Apparently worried by the long wait for the return of Initial Public Offering (IPO) on the stock exchange, investors have stressed the need for government to develop focused strategies that will economically empower indigenous firms and multinationals, as well as stimulate their investments’ interest.
The investors, who described IPOs’ relaunch as the only option for capital market stability, however maintained that the offerings cannot thrive in an environment where the secondary market is not vibrant.
According to them, IPOs’ resurgence would deepen the market and make it capable of providing the needed funds required to fortify the equity standings of several listed companies that are now in the clutches of debt overhang.
Furthermore, it would boost the Nigerian stock market’s average, in terms of volume of activities and contributions to GDP, which is currently rated low when compared to other emerging markets’.
In 2015, only Seplat Petroleum Development Company Plc and Transcorp Hotels Plc had IPOs and while Seplat’s, a global IPO, was 100 per cent successful, Transcorp Hotels recorded only 50 per cent subscription.
In 2007 and 2008,
IPOs were common before the market witnessed a downturn and companies shunned the capital raising strategy, embracing mostly rights issues and bonds.
Analysts said that the overall weak macroeconomic scenario, sustained negative market sentiments in the past few years, coupled with tensed socio-political space, have not encouraged successful primary market activities.
It is also on record that some planned IPOs have remained on hold due to the prevailing negative market sentiments, driven by growing uncertainties on the back of falling oil price and other macro-economic challenges.
Investors, in an interview with The Guardian, maintained that the market is in dire need of liquidity.
An investment analyst, Johnson Chukwu, argued that several reasons entice companies to list on the Exchange, including the expectations that the market will appropriately buy them and place a premium to the intrinsic worth as a lure for investors to trade on the equities.
“Again, there should be liquidity in the equities market so that people can actually buy and trade their shares.
Lastly, that the listing will give them better access to credit.
“Unfortunately, in a bearish and dampened equities market, these factors are not present. Until there is a significant recovery in the secondary market, one should not expect a re-launch in IPO.
“The economy is weak and the market pricing reflects earnings’ capacity of companies, which now has been weakened by inflationary period the economy had witnessed.”
He attributed the weak economy to hostile and inconsistent macro-economic policy and regulatory environments and lack of transparency in economic management.

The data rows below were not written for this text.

lemma code_dim_map_vec:
  assumes C: "linear_code n C"
  shows "code_dim n (map_vec \<sigma> ` C) = code_dim n C"
proof -
  have "inj_on (map_vec \<sigma>) C"
  proof (rule inj_onI)
    fix x y assume "map_vec \<sigma> x = map_vec \<sigma> y"
    then have "map_vec \<sigma> (map_vec \<sigma> x) = map_vec \<sigma> (map_vec \<sigma> y)" by simp
    then show "x = y" by simp
  qed
  then show ?thesis
    using card_linear_code[OF C] card_linear_code[OF linear_code_map_vec[OF C]]
    by (simp add: card_image)
qed

lemma linear_code_sesq_dual: "C \<subseteq> carrier_vec n \<Longrightarrow> linear_code n (sesq_dual \<sigma> n C)"
  unfolding sesq_dual_eq_dual_E_map_vec by (rule linear_code_dual_E) auto

lemma code_dim_sesq_dual:
  assumes "linear_code n C"
  shows "code_dim n (sesq_dual \<sigma> n C) + code_dim n C = n"
  using code_dim_dual_E[OF linear_code_map_vec[OF assms]]
  unfolding sesq_dual_eq_dual_E_map_vec code_dim_map_vec[OF assms] .

lemma sesq_dual_sesq_dual:
  assumes C: "linear_code n C"
  shows "sesq_dual \<sigma> n (sesq_dual \<sigma> n C) = C"
proof -
  have C_carrier: "C \<subseteq> carrier_vec n" using linear_code_carrier[OF C] .
  have dual: "linear_code n (sesq_dual \<sigma> n C)" using linear_code_sesq_dual[OF C_carrier] .
  have dual_dual: "linear_code n (sesq_dual \<sigma> n (sesq_dual \<sigma> n C))"
    using linear_code_sesq_dual[OF linear_code_carrier[OF dual]] .
  have "C \<subseteq> sesq_dual \<sigma> n (sesq_dual \<sigma> n C)"
    using C_carrier sesq_form_swap unfolding sesq_dual_def by fastforce
  moreover have "code_dim n (sesq_dual \<sigma> n (sesq_dual \<sigma> n C)) = code_dim n C"
    using code_dim_sesq_dual[OF C] code_dim_sesq_dual[OF dual] by simp
  ultimately show ?thesis
    using card_subset_eq[OF finite_linear_code[OF dual_dual]]
      card_linear_code[OF C] card_linear_code[OF dual_dual] by metis
qed

lemma sesq_dual_set_plus:
  assumes X: "linear_code n X" and Y: "linear_code n Y"
  shows "sesq_dual \<sigma> n (X + Y) = sesq_dual \<sigma> n X \<inter> sesq_dual \<sigma> n Y"
proof
  have "X \<subseteq> X + Y" "Y \<subseteq> X + Y" using subset_set_plus_linear_code[OF X Y] .
  then show "sesq_dual \<sigma> n (X + Y) \<subseteq> sesq_dual \<sigma> n X \<inter> sesq_dual \<sigma> n Y"
    using sesq_dual_antimono by blast
  show "sesq_dual \<sigma> n X \<inter> sesq_dual \<sigma> n Y \<subseteq> sesq_dual \<sigma> n (X + Y)"
    using sesq_form_add_right linear_code_carrier[OF X] linear_code_carrier[OF Y]
    unfolding sesq_dual_def by (fastforce elim!: set_plus_elim)
qed

lemma code_dim_Int_sesq_dual:
  assumes A: "linear_code n A" and B: "linear_code n B"
  shows "code_dim n (B \<inter> sesq_dual \<sigma> n A) + code_dim n A
    = code_dim n B + code_dim n (A \<inter> sesq_dual \<sigma> n B)"
proof -
  let ?B' = "sesq_dual \<sigma> n B"
  have B': "linear_code n ?B'" using linear_code_sesq_dual[OF linear_code_carrier[OF B]] .
  have AB': "linear_code n (A + ?B')" using linear_code_set_plus[OF A B'] .
  have "B \<inter> sesq_dual \<sigma> n A = sesq_dual \<sigma> n (A + ?B')"
    using sesq_dual_set_plus[OF A B'] sesq_dual_sesq_dual[OF B] by auto
  then have "code_dim n (B \<inter> sesq_dual \<sigma> n A) + code_dim n (A + ?B') = n"
    using code_dim_sesq_dual[OF AB'] by simp
  moreover have "code_dim n (A + ?B') + code_dim n (A \<inter> ?B') = code_dim n A + code_dim n ?B'"
    using code_dim_set_plus_Int[OF A B'] .
  moreover have "code_dim n ?B' + code_dim n B = n"
    using code_dim_sesq_dual[OF B] .
  ultimately show ?thesis by linarith
qed

end

lemma finite_field_involution_id: "finite_field_involution (\<lambda>x. x)"
  by unfold_locales simp_all

lemma finite_field_involution_frobenius:
  assumes p: "prime p" and "even h" and card: "card (UNIV :: 'a::{finite,field} set) = p ^ h"
  shows "finite_field_involution (\<lambda>x :: 'a. x ^ p ^ (h div 2))"
proof
  have "CHAR('a) = p" using CHAR_eq_prime_if_card[OF p card] .
  then show "(x + y) ^ p ^ (h div 2) = x ^ p ^ (h div 2) + y ^ p ^ (h div 2)" for x y :: 'a
    using p by (intro freshmans_dream') auto
  show "(x * y) ^ p ^ (h div 2) = x ^ p ^ (h div 2) * y ^ p ^ (h div 2)" for x y :: 'a
    by (rule power_mult_distrib)
  have "p ^ (h div 2) * p ^ (h div 2) = p ^ h"
    using \<open>even h\<close> by (metis dvd_mult_div_cancel mult_2 power_add)
  then show "(x ^ p ^ (h div 2)) ^ p ^ (h div 2) = x" for x :: 'a
    using power_card_UNIV_eq_self[of x] card by (simp add: power_mult[symmetric])
qed

lemma uuv_carrier:
  assumes "A \<subseteq> carrier_vec n" "B \<subseteq> carrier_vec n"
  shows "uuv A B \<subseteq> carrier_vec (2 * n)"
proof
  fix x assume "x \<in> uuv A B"
  then obtain u v where "x = u @\<^sub>v (u + v)" "u \<in> A" "v \<in> B" unfolding uuv_def by blast
  moreover from this have "u \<in> carrier_vec n" "v \<in> carrier_vec n" using assms by auto
  ultimately show "x \<in> carrier_vec (2 * n)" unfolding mult_2 by simp
qed

lemma inj_on_append_add_vec:
  fixes A B :: "'a::cancel_semigroup_add vec set"
  assumes "A \<subseteq> carrier_vec n" "B \<subseteq> carrier_vec n"
  shows "inj_on (\<lambda>(v, u). u @\<^sub>v (u + v)) (B \<times> A)"
proof (rule inj_onI)
  fix p q assume pq_mem: "p \<in> B \<times> A" "q \<in> B \<times> A"
    and eq: "(\<lambda>(v, u). u @\<^sub>v (u + v)) p = (\<lambda>(v, u). u @\<^sub>v (u + v)) q"
  obtain u v u' v' where pq: "p = (v, u)" "q = (v', u')" by (cases p, cases q)
  have carrier: "u \<in> carrier_vec n" "v \<in> carrier_vec n" "u' \<in> carrier_vec n" "v' \<in> carrier_vec n"
    using pq_mem assms unfolding pq by auto
  then have "u = u'" "u + v = u + v'" using eq append_vec_eq[of u n u'] unfolding pq by auto
  then show "p = q" using pq add_left_cancel_vec carrier by blast
qed

lemma linear_code_uuv:
  assumes A: "linear_code n A" and B: "linear_code n B"
  shows "linear_code (2 * n) (uuv A B)"
  unfolding linear_code_iff
proof (intro conjI ballI allI)
  note dims = linear_code_dim_vec[OF A] linear_code_dim_vec[OF B]
  show "uuv A B \<subseteq> carrier_vec (2 * n)"
    using uuv_carrier[OF linear_code_carrier[OF A] linear_code_carrier[OF B]] .
  have "0\<^sub>v (2 * n) = 0\<^sub>v n @\<^sub>v (0\<^sub>v n + 0\<^sub>v n :: 'a vec)" by (intro eq_vecI) auto
  then show "0\<^sub>v (2 * n) \<in> uuv A B"
    unfolding uuv_def using linear_code_zero[OF A] linear_code_zero[OF B] by blast
next
  note dims = linear_code_dim_vec[OF A] linear_code_dim_vec[OF B]
  fix a b assume "a \<in> uuv A B" "b \<in> uuv A B"
  then obtain u v u' v' where uv: "a = u @\<^sub>v (u + v)" "b = u' @\<^sub>v (u' + v')"
    "u \<in> A" "v \<in> B" "u' \<in> A" "v' \<in> B"
    unfolding uuv_def by blast
  have carrier: "u \<in> carrier_vec n" "v \<in> carrier_vec n" "u' \<in> carrier_vec n" "v' \<in> carrier_vec n"
    using uv(3-6) linear_code_carrier[OF A] linear_code_carrier[OF B] by auto
  have "a + b = (u + u') @\<^sub>v ((u + v) + (u' + v'))"
    unfolding uv(1,2) by (rule append_vec_add[of _ n _ _ n]) (use carrier in auto)
  also have "(u + v) + (u' + v') = (u + u') + (v + v')"
    using uv by (auto intro!: eq_vecI simp: dims)
  finally show "a + b \<in> uuv A B"
    unfolding uuv_def using uv linear_code_add[OF A] linear_code_add[OF B] by blast
next
  note dims = linear_code_dim_vec[OF A] linear_code_dim_vec[OF B]
  fix c a assume "a \<in> uuv A B"
  then obtain u v where uv: "a = u @\<^sub>v (u + v)" "u \<in> A" "v \<in> B"
    unfolding uuv_def by blast
  then have "c \<cdot>\<^sub>v a = (c \<cdot>\<^sub>v u) @\<^sub>v (c \<cdot>\<^sub>v u + c \<cdot>\<^sub>v v)"
    by (auto intro!: eq_vecI simp: dims distrib_left)
  then show "c \<cdot>\<^sub>v a \<in> uuv A B"
    unfolding uuv_def using uv linear_code_smult[OF A] linear_code_smult[OF B] by blast
qed

lemma card_uuv:
  assumes A: "linear_code n A" and B: "linear_code n B"
  shows "card (uuv A B) = card A * card B"
proof -
  have "uuv A B = (\<lambda>(v, u). u @\<^sub>v (u + v)) ` (B \<times> A)"
    unfolding uuv_def by auto
  moreover have "inj_on (\<lambda>(v, u). u @\<^sub>v (u + v)) (B \<times> A)"
    using inj_on_append_add_vec linear_code_carrier[OF A] linear_code_carrier[OF B] .
  ultimately show ?thesis by (simp add: card_image card_cartesian_product)
qed

lemma code_dim_uuv:
  fixes A B :: "'a::{finite,field} vec set"
  assumes A: "linear_code n A" and B: "linear_code n B"
  shows "code_dim (2 * n) (uuv A B) = code_dim n A + code_dim n B"
  using card_uuv[OF A B]
  unfolding card_linear_code[OF linear_code_uuv[OF A B]] card_linear_code[OF A] card_linear_code[OF B]
  by (simp add: power_add[symmetric])

lemma hamming_dist_append:
  assumes "a \<in> carrier_vec n" "a' \<in> carrier_vec n" "b \<in> carrier_vec m" "b' \<in> carrier_vec m"
  shows "hamming_dist (a @\<^sub>v b) (a' @\<^sub>v b') = hamming_dist a a' + hamming_dist b b'"
proof -
  let ?D1 = "{i. i < n \<and> a $ i \<noteq> a' $ i}" and ?D2 = "{i. i < m \<and> b $ i \<noteq> b' $ i}"
  have "{i. i < dim_vec (a @\<^sub>v b) \<and> (a @\<^sub>v b) $ i \<noteq> (a' @\<^sub>v b') $ i} = ?D1 \<union> (\<lambda>i. n + i) ` ?D2"
  proof (intro Set.set_eqI iffI)
    fix i assume i: "i \<in> {i. i < dim_vec (a @\<^sub>v b) \<and> (a @\<^sub>v b) $ i \<noteq> (a' @\<^sub>v b') $ i}"
    show "i \<in> ?D1 \<union> (\<lambda>i. n + i) ` ?D2"
    proof (cases "i < n")
      case False
      then have "i = n + (i - n)" "i - n \<in> ?D2" using i assms by auto
      then show ?thesis by blast
    qed (use i assms in auto)
  qed (use assms in auto)
  moreover have "card (?D1 \<union> (\<lambda>i. n + i) ` ?D2) = card ?D1 + card ?D2"
    by (subst card_Un_disjoint) (auto simp: card_image)
  ultimately show ?thesis
    using assms unfolding hamming_dist_def by simp
qed

lemma hamming_dist_add_right:
  fixes u u' v :: "'a::{zero,cancel_semigroup_add} vec"
  assumes "u \<in> carrier_vec n" "u' \<in> carrier_vec n" "v \<in> carrier_vec n"
  shows "hamming_dist (u + v) (u' + v) = hamming_dist u u'"
  unfolding hamming_dist_def using assms by (intro arg_cong[where f = card]) auto

lemma hamming_dist_le_add:
  fixes u u' v v' :: "'a::{zero,cancel_semigroup_add} vec"
  assumes "u \<in> carrier_vec n" "u' \<in> carrier_vec n" "v \<in> carrier_vec n" "v' \<in> carrier_vec n"
  shows "hamming_dist v v' \<le> hamming_dist u u' + hamming_dist (u + v) (u' + v')"
proof -
  let ?D = "\<lambda>x y :: 'a vec. {i. i < dim_vec x \<and> x $ i \<noteq> y $ i}"
  have "?D v v' \<subseteq> ?D u u' \<union> ?D (u + v) (u' + v')"
    using assms by auto
  then have "card (?D v v') \<le> card (?D u u' \<union> ?D (u + v) (u' + v'))"
    by (rule card_mono[rotated]) auto
  also have "\<dots> \<le> card (?D u u') + card (?D (u + v) (u' + v'))"
    by (rule card_Un_le)
  finally show ?thesis unfolding hamming_dist_def .
qed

The Publicity Secretary of the Independence Shareholders Association of Nigeria, Moses Igbrude, said to revive the IPO segment of the capital market, the regulators must make concerted efforts to ensure that the market is attractive to “would- be companies.”
“The benefits of being a public quoted company must be clear and concise, but presently, such incentives are not there and that is why many companies have delisted and more are planning to delist.

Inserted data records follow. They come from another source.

lemma dorbit_sym:
  assumes "finite D" "inj_on f D" "f ` D \<subseteq> D" "x \<in> D" "y \<in> dorbit f x"
  shows "x \<in> dorbit f y"
proof -
  obtain k where "k > 0" "(f ^^ k) x = x" using funpow_period[OF assms(1-4)] .
  then have x_fix: "(f ^^ (k * m)) x = x" for m
    by (induction m) (simp_all add: funpow_add)
  obtain m where y: "y = (f ^^ m) x" using assms(5) unfolding dorbit_def by blast
  have "(f ^^ (k * m - m)) y = (f ^^ (k * m - m + m)) x"
    by (simp add: y funpow_add)
  also have "\<dots> = x"
    using \<open>k > 0\<close> x_fix[of m] by (simp add: le_diff_conv2 add.commute)
  finally show ?thesis unfolding dorbit_def by blast
qed

lemma dorbit_eq:
  assumes "finite D" "inj_on f D" "f ` D \<subseteq> D" "x \<in> D" "y \<in> dorbit f x"
  shows "dorbit f y = dorbit f x"
  using dorbit_trans[OF assms(5)] dorbit_trans[OF dorbit_sym[OF assms]] by (rule antisym)

lemma card_eq_sum_card_dorbits:
  assumes "finite D" "inj_on f D" "f ` D \<subseteq> D"
  shows "card D = (\<Sum>F\<in>dorbit f ` D. card F)"
proof -
  have "\<Union>(dorbit f ` D) = D"
    using dorbit_subset[OF assms(3)] self_in_dorbit[of _ f] by auto
  moreover have "pairwise disjnt (dorbit f ` D)"
  proof (rule pairwiseI)
    fix A B assume "A \<in> dorbit f ` D" "B \<in> dorbit f ` D" "A \<noteq> B"
    then obtain x y where "x \<in> D" "y \<in> D" "A = dorbit f x" "B = dorbit f y" by blast
    have "z \<notin> B" if "z \<in> A" for z
    proof
      assume "z \<in> B"
      have "dorbit f z = A" using dorbit_eq[OF assms \<open>x \<in> D\<close>] \<open>z \<in> A\<close> \<open>A = _\<close> by simp
      moreover have "dorbit f z = B" using dorbit_eq[OF assms \<open>y \<in> D\<close>] \<open>z \<in> B\<close> \<open>B = _\<close> by simp
      ultimately show False using \<open>A \<noteq> B\<close> by simp
    qed
    then show "disjnt A B" unfolding disjnt_def by blast
  qed
  moreover have "finite F" if "F \<in> dorbit f ` D" for F
    using that dorbit_subset[OF assms(3)] assms(1) by (auto intro: finite_subset)
  ultimately show ?thesis
    using card_Union_disjoint[of "dorbit f ` D"] by simp
qed

lemma plane_map_face_step:
  assumes "is_plane_map D V tail rv sigma outer"
  shows "inj_on (face_step rv sigma) D" and "face_step rv sigma ` D \<subseteq> D"
proof -
  have rv: "\<forall>d\<in>D. rv d \<in> D \<and> rv (rv d) = d" and sigma: "bij_betw sigma D D"
    using assms unfolding is_plane_map_def by auto
  then have "inj_on rv D"
    by (metis inj_on_inverseI)
  then show "inj_on (face_step rv sigma) D"
    using rv sigma unfolding face_step_def bij_betw_def
    by (auto simp: inj_on_def)
  show "face_step rv sigma ` D \<subseteq> D"
    using rv sigma unfolding face_step_def bij_betw_def by auto
qed

lemma plane_map_card_darts:
  assumes "is_plane_map D V tail rv sigma outer"
  shows "card D = (\<Sum>F\<in>map_faces_all D rv sigma. card F)"
proof -
  have "finite D" using assms unfolding is_plane_map_def by simp
  then show ?thesis
    unfolding map_faces_all_def
    by (rule card_eq_sum_card_dorbits[OF _ plane_map_face_step[OF assms]])
qed

lemma plane_map_outer_subset:
  assumes "is_plane_map D V tail rv sigma outer"
  shows "outer \<subseteq> D"
proof (cases "D = {}")
  case True
  then show ?thesis using assms unfolding is_plane_map_def by simp
next
  case False
  then obtain d where "d \<in> D" "outer = dorbit (face_step rv sigma) d"
    using assms unfolding is_plane_map_def map_faces_all_def by auto
  then show ?thesis
    using dorbit_subset[OF plane_map_face_step(2)[OF assms]] by simp
qed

“Again Federal Government must compel or ask companies like SAHCOL and the likes, where government still have shares, to be listed on the market. They should also ask or encourage the telecommunications companies and other multinationals to list on the market by giving them some incentives.
“The regulators should be more flexible in their listing requirements, while policy makers should know the importance of the capital market and how the market can be repositioned to grow the economy.”
An independent investor, Amaechi Egbo, explained that government should make listing in the nation’s bourse less stringent and consider abolishing withholding tax on dividends.
According to him, there was need for government to also provide more incentives to companies that are listed on the stock exchange.
He argued that this may mean some loss of revenue to the government at the initial stage, but however, maintained that the actual benefits to the company will more than compensate for any previous losses.
According to him, for issuers to approach the market to raise capital, there must be some reasonable level of recovery.
He pointed out that there was need for government to initiate strategic policies that would grow businesses in Nigeria, adding that stockbrokers must also ensure that issuers raise money in a manner that is competitive and less expensive.
“We need an economy where issuers can see growth. The growth must impact on their businesses and it is when the business expands that companies can approach the market to raise capital. Issuers must also see a market that is growing. They must see that the market is right for an issuer to come.”
The Chief Executive Officer of NSE, Oscar Onyema, while briefing the stockbroking community, analysts, media and other stakeholders, on the performance of the market in the preceding year and prognosis for the market in 2018, noted that the equity market activity skyrocketed from 2016 levels, as market turnover increased by 121 per cent to N1.27 trillion from N0.58 trillion.
“IPO activity in the year remained mute. However, there were several other positive indicators, including the revival of supplementary listings and the return of new issuances.
“The value of supplementary listings increased by 27 per cent, bringing the total value of equity issues in 2017 to N408 billion,” he said, adding that NSE recovered from the macroeconomic overhang of the commodity down-cycle to become the third best-performing market in 2017 globally, with a 42 per cent return in the NSE ASI index.